Print the lines that run from the line with "text \<open>Adjoint of" to the line with "y = (\<Sum>k\<in>UNIV.", keeping both end lines, exactly as they appear in the entries below, and nothing else.
Start of Task input
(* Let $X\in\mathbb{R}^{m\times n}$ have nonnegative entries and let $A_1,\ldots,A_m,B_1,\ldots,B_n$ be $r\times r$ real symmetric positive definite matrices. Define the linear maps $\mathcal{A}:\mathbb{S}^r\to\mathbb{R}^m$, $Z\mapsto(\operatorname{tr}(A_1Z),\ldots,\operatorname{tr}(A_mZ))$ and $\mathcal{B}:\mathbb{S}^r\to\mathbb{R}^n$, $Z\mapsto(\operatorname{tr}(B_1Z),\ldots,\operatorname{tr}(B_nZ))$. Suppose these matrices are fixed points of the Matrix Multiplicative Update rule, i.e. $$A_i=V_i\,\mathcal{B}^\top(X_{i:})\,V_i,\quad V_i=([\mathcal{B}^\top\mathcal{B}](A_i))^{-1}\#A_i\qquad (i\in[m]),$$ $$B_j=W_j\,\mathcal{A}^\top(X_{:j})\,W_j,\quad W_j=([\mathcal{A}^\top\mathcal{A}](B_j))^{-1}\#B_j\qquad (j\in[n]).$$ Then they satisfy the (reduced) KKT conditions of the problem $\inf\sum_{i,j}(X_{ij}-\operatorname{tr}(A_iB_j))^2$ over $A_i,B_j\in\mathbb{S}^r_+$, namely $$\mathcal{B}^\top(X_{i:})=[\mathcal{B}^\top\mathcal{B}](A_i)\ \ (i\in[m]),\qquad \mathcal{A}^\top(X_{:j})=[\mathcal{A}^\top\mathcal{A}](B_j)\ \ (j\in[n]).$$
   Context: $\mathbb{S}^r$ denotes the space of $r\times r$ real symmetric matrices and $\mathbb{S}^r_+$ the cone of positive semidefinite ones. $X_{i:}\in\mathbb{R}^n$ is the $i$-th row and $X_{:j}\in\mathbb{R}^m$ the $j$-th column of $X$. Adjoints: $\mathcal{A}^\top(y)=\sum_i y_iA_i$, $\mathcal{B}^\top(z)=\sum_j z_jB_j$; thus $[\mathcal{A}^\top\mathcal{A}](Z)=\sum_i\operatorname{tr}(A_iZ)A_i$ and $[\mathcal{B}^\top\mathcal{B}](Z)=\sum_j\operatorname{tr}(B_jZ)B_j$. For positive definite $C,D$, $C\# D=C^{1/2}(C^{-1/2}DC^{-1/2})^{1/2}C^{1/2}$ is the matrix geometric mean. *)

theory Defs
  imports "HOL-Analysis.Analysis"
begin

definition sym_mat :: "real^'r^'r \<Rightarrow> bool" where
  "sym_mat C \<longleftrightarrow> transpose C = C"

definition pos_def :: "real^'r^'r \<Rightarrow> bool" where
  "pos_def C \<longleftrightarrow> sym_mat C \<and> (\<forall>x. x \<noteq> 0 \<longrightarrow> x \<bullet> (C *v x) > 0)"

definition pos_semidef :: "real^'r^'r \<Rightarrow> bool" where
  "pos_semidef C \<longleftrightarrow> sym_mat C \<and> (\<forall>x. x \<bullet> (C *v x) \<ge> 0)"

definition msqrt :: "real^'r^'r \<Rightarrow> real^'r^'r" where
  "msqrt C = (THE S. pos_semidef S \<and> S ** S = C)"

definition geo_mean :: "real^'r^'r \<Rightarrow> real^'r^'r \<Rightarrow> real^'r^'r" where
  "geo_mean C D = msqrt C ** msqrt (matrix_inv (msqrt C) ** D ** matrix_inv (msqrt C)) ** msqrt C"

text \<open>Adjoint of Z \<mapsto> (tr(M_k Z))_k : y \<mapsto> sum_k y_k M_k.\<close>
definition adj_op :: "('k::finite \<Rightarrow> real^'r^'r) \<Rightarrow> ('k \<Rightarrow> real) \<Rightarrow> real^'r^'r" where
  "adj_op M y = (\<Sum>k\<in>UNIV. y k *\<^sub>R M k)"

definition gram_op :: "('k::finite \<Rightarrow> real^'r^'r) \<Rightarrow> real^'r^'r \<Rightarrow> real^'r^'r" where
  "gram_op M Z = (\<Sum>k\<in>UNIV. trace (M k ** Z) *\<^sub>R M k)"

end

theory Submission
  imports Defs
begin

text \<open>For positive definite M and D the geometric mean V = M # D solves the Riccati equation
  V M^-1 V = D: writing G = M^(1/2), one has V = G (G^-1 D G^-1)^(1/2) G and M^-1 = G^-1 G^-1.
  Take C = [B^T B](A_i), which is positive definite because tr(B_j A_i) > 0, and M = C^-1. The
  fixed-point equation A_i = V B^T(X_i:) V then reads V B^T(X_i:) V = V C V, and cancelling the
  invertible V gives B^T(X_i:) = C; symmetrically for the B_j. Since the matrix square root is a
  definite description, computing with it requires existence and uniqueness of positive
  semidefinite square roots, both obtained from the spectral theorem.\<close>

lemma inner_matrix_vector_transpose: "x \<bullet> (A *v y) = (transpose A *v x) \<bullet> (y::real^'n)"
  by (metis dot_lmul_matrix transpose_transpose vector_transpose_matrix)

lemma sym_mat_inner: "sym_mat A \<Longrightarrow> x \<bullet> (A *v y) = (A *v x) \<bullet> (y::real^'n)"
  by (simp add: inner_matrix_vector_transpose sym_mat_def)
End of Task input
Exercise solution:
text \<open>Adjoint of Z \<mapsto> (tr(M_k Z))_k : y \<mapsto> sum_k y_k M_k.\<close>
definition adj_op :: "('k::finite \<Rightarrow> real^'r^'r) \<Rightarrow> ('k \<Rightarrow> real) \<Rightarrow> real^'r^'r" where
  "adj_op M y = (\<Sum>k\<in>UNIV. y k *\<^sub>R M k)"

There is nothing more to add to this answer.